Zum Gendern gibt es also viel Kontroverse, mit guten Argumenten für beide Seiten. Während den Gegnerne meist die Schönheit der Sprache wichtiger ist, geht es den Befürworterne um den inklusiven Aspekt der Sprache, der ihnen zufolge, derzeit fehlt. Ein Mittelweg ist das Inklusivum, was aber noch sehr unbekannt ist.
Quellen: lpb.bw, Alicia Joe, Rheinische Post, Geschlechtsneutral.de
Der leidige Krieg der Sterne… Letztendlich steht die Sprache gar nicht im Vordergrund – auf beiden Seiten. Es geht hier um Missstände in unserer Gesellschaft.
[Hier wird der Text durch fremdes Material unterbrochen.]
(* Let $(X,\|\cdot\|_X)$ be a Banach space and $\mathcal{K}\subset X$. If there exists $\gamma>0$ such that $\lim_{n\to\infty}d_n^\gamma(\mathcal{K})_X=0$, then $\mathcal{K}$ is totally bounded (i.e. its closure is compact).
   Context: $\mathcal{K}$ is totally bounded if for every $\varepsilon>0$ it is covered by finitely many closed balls of radius $\varepsilon$. For $k\ge1$ and a norm $\|\cdot\|_{Y_k}$ on $\mathbb{R}^k$ let $B_{Y_k}=\{y\in\mathbb{R}^k:\|y\|_{Y_k}\le1\}$. For $\gamma\ge0$, the fixed Lipschitz width is $d^\gamma(\mathcal{K},Y_k)_X=\inf_{\Phi}\sup_{f\in\mathcal{K}}\inf_{y\in B_{Y_k}}\|f-\Phi(y)\|_X\in[0,\infty]$, the infimum being over all maps $\Phi:B_{Y_k}\to X$ with $\|\Phi(y)-\Phi(y')\|_X\le\gamma\|y-y'\|_{Y_k}$ for all $y,y'\in B_{Y_k}$. The Lipschitz width is $d_n^\gamma(\mathcal{K})_X=\inf_{1\le k\le n}\inf_{\|\cdot\|_{Y_k}}d^\gamma(\mathcal{K},Y_k)_X$, where the inner infimum is over all norms on $\mathbb{R}^k$. *)

theory Defs
  imports "HOL-Analysis.Analysis" "HOL-Library.Extended_Nonnegative_Real"
begin

text \<open>R^k is represented by the real vectors indexed by nat that vanish outside {..<k}.\<close>
definition Rk :: "nat \<Rightarrow> (nat \<Rightarrow> real) set" where
  "Rk k = {y. \<forall>i\<ge>k. y i = 0}"

definition is_norm_on :: "nat \<Rightarrow> ((nat \<Rightarrow> real) \<Rightarrow> real) \<Rightarrow> bool" where
  "is_norm_on k N \<longleftrightarrow>
     (\<forall>y\<in>Rk k. N y \<ge> 0) \<and>
     (\<forall>y\<in>Rk k. N y = 0 \<longleftrightarrow> (\<forall>i. y i = 0)) \<and>
     (\<forall>y\<in>Rk k. \<forall>c::real. N (\<lambda>i. c * y i) = \<bar>c\<bar> * N y) \<and>
     (\<forall>y\<in>Rk k. \<forall>z\<in>Rk k. N (\<lambda>i. y i + z i) \<le> N y + N z)"

definition unit_ball :: "nat \<Rightarrow> ((nat \<Rightarrow> real) \<Rightarrow> real) \<Rightarrow> (nat \<Rightarrow> real) set" where
  "unit_ball k N = {y \<in> Rk k. N y \<le> 1}"

definition lipschitz_on_ball ::
  "real \<Rightarrow> nat \<Rightarrow> ((nat \<Rightarrow> real) \<Rightarrow> real) \<Rightarrow> ((nat \<Rightarrow> real) \<Rightarrow> 'a::metric_space) \<Rightarrow> bool" where
  "lipschitz_on_ball \<gamma> k N \<Phi> \<longleftrightarrow>
     (\<forall>y\<in>unit_ball k N. \<forall>y'\<in>unit_ball k N. dist (\<Phi> y) (\<Phi> y') \<le> \<gamma> * N (\<lambda>i. y i - y' i))"

definition fixed_lipschitz_width ::
  "real \<Rightarrow> 'a::real_normed_vector set \<Rightarrow> nat \<Rightarrow> ((nat \<Rightarrow> real) \<Rightarrow> real) \<Rightarrow> ennreal" where
  "fixed_lipschitz_width \<gamma> K k N =
     (INF \<Phi> \<in> {\<Phi>. lipschitz_on_ball \<gamma> k N \<Phi>}.
        SUP f \<in> K. INF y \<in> unit_ball k N. ennreal (norm (f - \<Phi> y)))"

definition lipschitz_width :: "real \<Rightarrow> 'a::real_normed_vector set \<Rightarrow> nat \<Rightarrow> ennreal" where
  "lipschitz_width \<gamma> K n =
     (INF k \<in> {1..n}. INF N \<in> {N. is_norm_on k N}. fixed_lipschitz_width \<gamma> K k N)"

end

theory Submission
  imports Defs
begin

(* A Lipschitz width below e provides a Lipschitz map from the closed unit ball of some norm
   on R^k whose image lies within e of every point of K.  Every norm on R^k dominates a
   multiple of each coordinate (its minimum on the coordinate sup-norm sphere is positive,
   by compactness), so that unit ball is compact, and so is its Lipschitz image.  A set lying
   within every e > 0 of a compact set is totally bounded. *)

lemma Rk_diff: "y \<in> Rk k \<Longrightarrow> z \<in> Rk k \<Longrightarrow> (\<lambda>i. y i - z i) \<in> Rk k"
  by (simp add: Rk_def)

lemma Rk_scale: "y \<in> Rk k \<Longrightarrow> (\<lambda>i. c * y i) \<in> Rk k"
  by (simp add: Rk_def)

lemma Rk_sum: "(\<And>i. i \<in> I \<Longrightarrow> f i \<in> Rk k) \<Longrightarrow> (\<lambda>j. \<Sum>i\<in>I. f i j) \<in> Rk k"
  by (simp add: Rk_def)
Und in unserer Gesellschaft wird mit Sprache kommuniziert. Wir schreiben das 21. Jahrhundert, dann sollten wir auch zeitgemäß sprechen – Denken fängt mit Sprache im Kopf an und hat unweigerlich die Macht, unsere Wahrnehmung zu beeinflussen. Diese sollte über eine Schublade hinausgehen.